With one swift, economical movement Esterhazy rose, clamped his hand over her mouth, and dragged her one-armed from the doorway. He gave her a solid tap on the back of the head with the butt of the gun, then laid her unconscious body on the turf. A moment later he had noiselessly slipped into the cottage. The ground floor was a single large room; he looked around quickly, taking in the enameled stove, the worn chairs, the antlers on the walls, the steep staircase rising to the loft overhead. A loud, stertorous breathing could be heard coming from above. It continued undisturbed.
He moved around the small room with infinite care, placing each foot with fanatical caution, checking the commode, the single closet, satisfying himself that nobody was in hiding. Then, keeping tight hold of the gun, he moved over to the staircase. It was built of thick pegged planks, which might or might not creak.
He waited at the bottom of the stairs, listening. The breathing continued, somewhat labored, and once he heard the man upstairs shift in his bed and grunt with what sounded like discomfort. Esterhazy waited, letting a full five minutes pass. All seemed normal.
He raised a leg and placed one foot on the lower stair, began to put pressure on it, bit by bit, until his full weight was applied. No creak of wood. He placed his next foot on the higher tread, performing the same excruciating operation, and again there was no creak.
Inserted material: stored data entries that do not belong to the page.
lemma emeasure_bvn_quadrant_eq_normal_mixture:
  assumes "0 < s" "0 < \<sigma>"
  shows "emeasure (density lborel (\<lambda>z. ennreal (bvn_density (\<mu> - t) (t - \<mu>) (s\<^sup>2 + \<sigma>\<^sup>2) (- s\<^sup>2) (s\<^sup>2 + \<sigma>\<^sup>2) z)))
      ({..0} \<times> {..0})
    = (\<integral>\<^sup>+u. ennreal (normal_density t s u * std_normal_cdf ((\<mu> - u) / \<sigma>) * std_normal_cdf ((u - \<mu>) / \<sigma>)) \<partial>lborel)"
proof -
  let ?f = "bvn_density (\<mu> - t) (t - \<mu>) (s\<^sup>2 + \<sigma>\<^sup>2) (- s\<^sup>2) (s\<^sup>2 + \<sigma>\<^sup>2)"
  let ?Q = "{..0::real} \<times> {..0::real}"
  let ?g = "\<lambda>u z. ennreal (normal_density (\<mu> - u) \<sigma> (fst z) * normal_density (u - \<mu>) \<sigma> (snd z)) * indicator ?Q z"
  have sets_triple: "sets ((lborel :: (real \<times> real) measure) \<Otimes>\<^sub>M lborel) = sets ((borel \<Otimes>\<^sub>M borel) \<Otimes>\<^sub>M borel)"
    by (rule sets_pair_measure_cong) (simp_all only: borel_prod sets_lborel)
  have "?f \<in> borel_measurable (borel \<Otimes>\<^sub>M borel)"
    unfolding bvn_density_def Let_def by measurable
  then have [measurable]: "?f \<in> borel_measurable borel" "?Q \<in> sets borel"
    unfolding borel_prod[symmetric] by auto
  have "?g u \<in> borel_measurable (borel \<Otimes>\<^sub>M borel)" for u
    by measurable
  then have g_measurable: "?g u \<in> borel_measurable borel" for u
    unfolding borel_prod .
  have "emeasure (density lborel (\<lambda>z. ennreal (?f z))) ?Q = (\<integral>\<^sup>+z. ennreal (?f z) * indicator ?Q z \<partial>lborel)"
    by (rule emeasure_density; measurable)
  also have "\<dots> = (\<integral>\<^sup>+z. \<integral>\<^sup>+u. ennreal (normal_density t s u) * ?g u z \<partial>lborel \<partial>lborel)"
  proof (intro nn_integral_cong)
    fix z :: "real \<times> real"
    have "ennreal (?f z) * indicator ?Q z = (\<integral>\<^sup>+u. ennreal (normal_density t s u
        * normal_density (\<mu> - u) \<sigma> (fst z) * normal_density (u - \<mu>) \<sigma> (snd z)) * indicator ?Q z \<partial>lborel)"
      using bvn_density_eq_normal_mixture[OF assms, of \<mu> t "fst z" "snd z"]
      by (simp add: nn_integral_multc)
    also have "\<dots> = (\<integral>\<^sup>+u. ennreal (normal_density t s u) * ?g u z \<partial>lborel)"
      by (intro nn_integral_cong) (simp add: ennreal_mult' mult_ac)
    finally show "ennreal (?f z) * indicator ?Q z = (\<integral>\<^sup>+u. ennreal (normal_density t s u) * ?g u z \<partial>lborel)" .
  qed
  also have "\<dots> = (\<integral>\<^sup>+u. \<integral>\<^sup>+z. ennreal (normal_density t s u) * ?g u z \<partial>lborel \<partial>lborel)"
    by (rule lborel_pair.Fubini'[symmetric]) (simp add: measurable_cong_sets[OF sets_triple refl])
  also have "\<dots> = (\<integral>\<^sup>+u. ennreal (normal_density t s u) * ennreal (std_normal_cdf ((u - \<mu>) / \<sigma>)
      * std_normal_cdf ((\<mu> - u) / \<sigma>)) \<partial>lborel)"
    using assms by (subst nn_integral_cmult)
      (simp_all add: g_measurable nn_integral_normal_density_pair_quadrant)
  also have "\<dots> = (\<integral>\<^sup>+u. ennreal (normal_density t s u * std_normal_cdf ((\<mu> - u) / \<sigma>) * std_normal_cdf ((u - \<mu>) / \<sigma>)) \<partial>lborel)"
    by (simp add: ennreal_mult' std_normal_cdf_nonneg mult_ac)
  finally show ?thesis .
qed
lemma emeasure_exp_order_stat_atMost:
  assumes "k \<le> n" "0 \<le> w"
  shows "emeasure (exp_order_stat k n) {..w} = ennreal (binomial_lower_tail n k (exp (- w)))"
proof -
  have "emeasure (exp_order_stat k n) {..w} =
      (\<integral>\<^sup>+x. ennreal (exp_order_stat_density k n x) * indicator {..w} x \<partial>lborel)"
    unfolding exp_order_stat_def by (simp add: emeasure_density)
  also have "\<dots> = (\<integral>\<^sup>+x. ennreal (indicator {0..w} x *
      (real k * real (n choose k) * exp (- x) ^ k * (1 - exp (- x)) ^ (n - k))) \<partial>lborel)"
    by (intro nn_integral_cong) (auto simp: exp_order_stat_density_def indicator_def)
  also have "\<dots> = ennreal (binomial_lower_tail n k (exp (- w)))"
    by (intro nn_integral_has_integral_lebesgue has_integral_exp_order_stat_density assms) auto
  finally show ?thesis .
qed

lemma prob_space_exp_order_stat:
  assumes "1 \<le> k" "k \<le> n"
  shows "prob_space (exp_order_stat k n)"
proof
  have "(\<lambda>i. emeasure (exp_order_stat k n) {..real i}) \<longlonglongrightarrow>
      emeasure (exp_order_stat k n) (\<Union>i. {..real i})"
    by (intro Lim_emeasure_incseq) (auto simp: incseq_def)
  moreover have "(\<Union>i. {..real i}) = UNIV"
    by (auto simp: real_arch_simple)
  moreover have "(\<lambda>i. emeasure (exp_order_stat k n) {..real i}) =
      (\<lambda>i. ennreal (binomial_lower_tail n k (exp (- real i))))"
    using assms by (auto simp: emeasure_exp_order_stat_atMost)
  moreover have "(\<lambda>i. ennreal (binomial_lower_tail n k (exp (- real i)))) \<longlonglongrightarrow>
      ennreal (binomial_lower_tail n k 0)"
  proof -
    have "(\<lambda>i. exp (- real i)) \<longlonglongrightarrow> 0"
      by real_asymp
    then show ?thesis
      unfolding binomial_lower_tail_def by (intro tendsto_ennrealI tendsto_intros)
  qed
  ultimately have "emeasure (exp_order_stat k n) UNIV = ennreal (binomial_lower_tail n k 0)"
    using LIMSEQ_unique by metis
  then show "emeasure (exp_order_stat k n) (space (exp_order_stat k n)) = 1"
    using binomial_lower_tail_0[OF assms(1)] by simp
qed

abbreviation exponential_measure :: "nat \<Rightarrow> real measure" where
  "exponential_measure r \<equiv> density lborel (\<lambda>x. ennreal (exponential_density (real r) x))"

lemma prob_space_exponential_measure: "0 < r \<Longrightarrow> prob_space (exponential_measure r)"
  by (rule prob_space_exponential_density) simp
(* Let Assumptions 1 and 2 hold, let $S\ge1$ be an integer and $B>0$. Let $u_1,\dots,u_T\in\mathbb{R}^N$ be payoff vectors, set $u_\tau=0$ for $\tau\le0$, and assume $\|u_t-u_{t-1}\|_\infty\le B$ for all $t=1,\dots,T$. Consider OFTRL with $S$-step recency bias, $\beta_t=\frac1S\sum_{\tau=t-S}^{t-1}u_\tau$ and $x_t=\arg\max_{x\in\Delta_N}\{\langle\theta_{t-1}+\beta_t,x\rangle-\mathcal R(x)\}$, $t=1,\dots,T$. If $\varphi_1(0)>0$ and $\eta=\sqrt{\frac{LTS^2B^2}{2\varphi_1(0)}}$, then $$R^T_{OFTRL}\le SB\sqrt{2LT\varphi_1(0)} .$$
   Context: Let $N\ge 2$, $A=\{1,\dots,N\}$, and $\Delta_N=\{x\in\mathbb{R}^N: x_i\ge 0,\ \sum_i x_i=1\}$. Let $\epsilon=(\epsilon_1,\dots,\epsilon_N)$ be a random vector satisfying Assumption 1: each $\epsilon_i$ is integrable with $\mathbb{E}[\epsilon_i]=0$, and the law of $\epsilon$ is absolutely continuous with respect to Lebesgue measure on $\mathbb{R}^N$ with support all of $\mathbb{R}^N$. For $\eta>0$ the social surplus function is $\varphi_\eta(\theta)=\mathbb{E}[\max_{j\in A}(\theta_j+\eta\epsilon_j)]$, $\theta\in\mathbb{R}^N$; thus $\varphi_\eta(\theta)=\eta\varphi_1(\theta/\eta)$, and $\varphi_1(0)=\mathbb{E}[\max_i\epsilon_i]$. $\varphi_\eta$ is convex and differentiable with $\nabla\varphi_\eta(\theta)\in\Delta_N$. Assumption 2: $\varphi_1$ is twice continuously differentiable and there is a constant $L>0$ with $2\,\mathrm{tr}(\nabla^2\varphi_1(\theta))\le L$ for all $\theta\in\mathbb{R}^N$. Set $\theta_0=0$, $\theta_t=\sum_{s=1}^tu_s$. Regularizer: $\mathcal R(x)=\sup_{\theta\in\mathbb{R}^N}\{\langle\theta,x\rangle-\varphi_\eta(\theta)\}$ for $x\in\Delta_N$. The regret of $x_1,\dots,x_T$ is $R^T=\max_{x\in\Delta_N}\langle\theta_T,x\rangle-\sum_{t=1}^T\langle u_t,x_t\rangle$. *)

theory Defs
  imports "HOL-Probability.Probability"
begin

text \<open>Probability prob_simplex in R^N (index type 'n, N = CARD('n)).\<close>
definition prob_simplex :: "(real ^ 'n) set" where
  "prob_simplex = {x. (\<forall>i. 0 \<le> x $ i) \<and> (\<Sum>i\<in>UNIV. x $ i) = 1}"

definition linf_norm :: "real ^ 'n \<Rightarrow> real" where
  "linf_norm v = Max (range (\<lambda>i. \<bar>v $ i\<bar>))"

definition surplus :: "'a measure \<Rightarrow> ('a \<Rightarrow> real ^ 'n) \<Rightarrow> real \<Rightarrow> real ^ 'n \<Rightarrow> real" where
  "surplus M eps eta theta = (\<integral>\<omega>. Max (range (\<lambda>j. theta $ j + eta * eps \<omega> $ j)) \<partial>M)"

definition regularizer :: "'a measure \<Rightarrow> ('a \<Rightarrow> real ^ 'n) \<Rightarrow> real \<Rightarrow> real ^ 'n \<Rightarrow> real" where
  "regularizer M eps eta x = (SUP theta. theta \<bullet> x - surplus M eps eta theta)"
With maddening slowness he ascended the staircase in this fashion, consuming minutes of time, until he was almost at the top. The foot of a primitive bed was visible five feet away. He raised himself ever so slowly and peered over the top into the bed. A figure lay in it: back to him, covered, sleeping, his breathing labored but regular. He was a gaunt old man in a heavy nightdress, with white hair almost as wild and rumpled as the crone’s. Or so it appeared.
Esterhazy knew better.
An extra pillow had been draped over the headboard. Putting his gun away, Esterhazy took hold of the pillow and, keeping his eyes fixed on the man in the bed, picked it up. Tensing, gripping the pillow in both hands, he crouched like a tiger — then suddenly pounced, landing on the bed, bringing the pillow down on the man’s face and leaning into it with all his strength.
A muffled cry came from below and a hand flew up, scratching and flailing at Esterhazy, but there was no weapon in the hand and he knew his attack had been a complete and total surprise. He drove the pillow down even harder, the muffled sounds cut off, and now the weakened man struggled silently, his flapping hands plucking at his shirt. The body heaved below him, surprisingly strong for one so recently gravely wounded. One large spidery hand grasped the covers, yanking them this way and that, as if mistaking the covers for his assailant’s own clothing. With a final heave of hands and legs the covers came off, exposing his upper body, but Pendergast was rapidly weakening and the end would come soon.
Then something gave Esterhazy pause: the man’s gnarly old hands. He stared in the dim light at the man’s lower body, his spindly legs, the parchment skin, the varicose veins. There was no mistaking it — this was the body of an old man. Nobody could create such an effective disguise. But more than that was the absolute lack of bandages, scar, or anything remotely like a month-old gunshot wound on the heaving torso.
His mind worked furiously to overcome the shock and rage. He had been so sure, so very sure…
He quickly released the pillow, exposing the old man’s distorted face, his tongue protruding, his eyes popping with terror. He coughed once, twice, gasping for breath, his sunken chest heaving with the effort.
In a blind panic, Esterhazy threw the pillow aside and stumbled down the stairs; the old crone was just staggering into the back door, blood running down her face.
“You devil!” she shrieked, grasping at him with bony fingers as he ran past, flinging open the front door and running back over the wide, empty moorlands.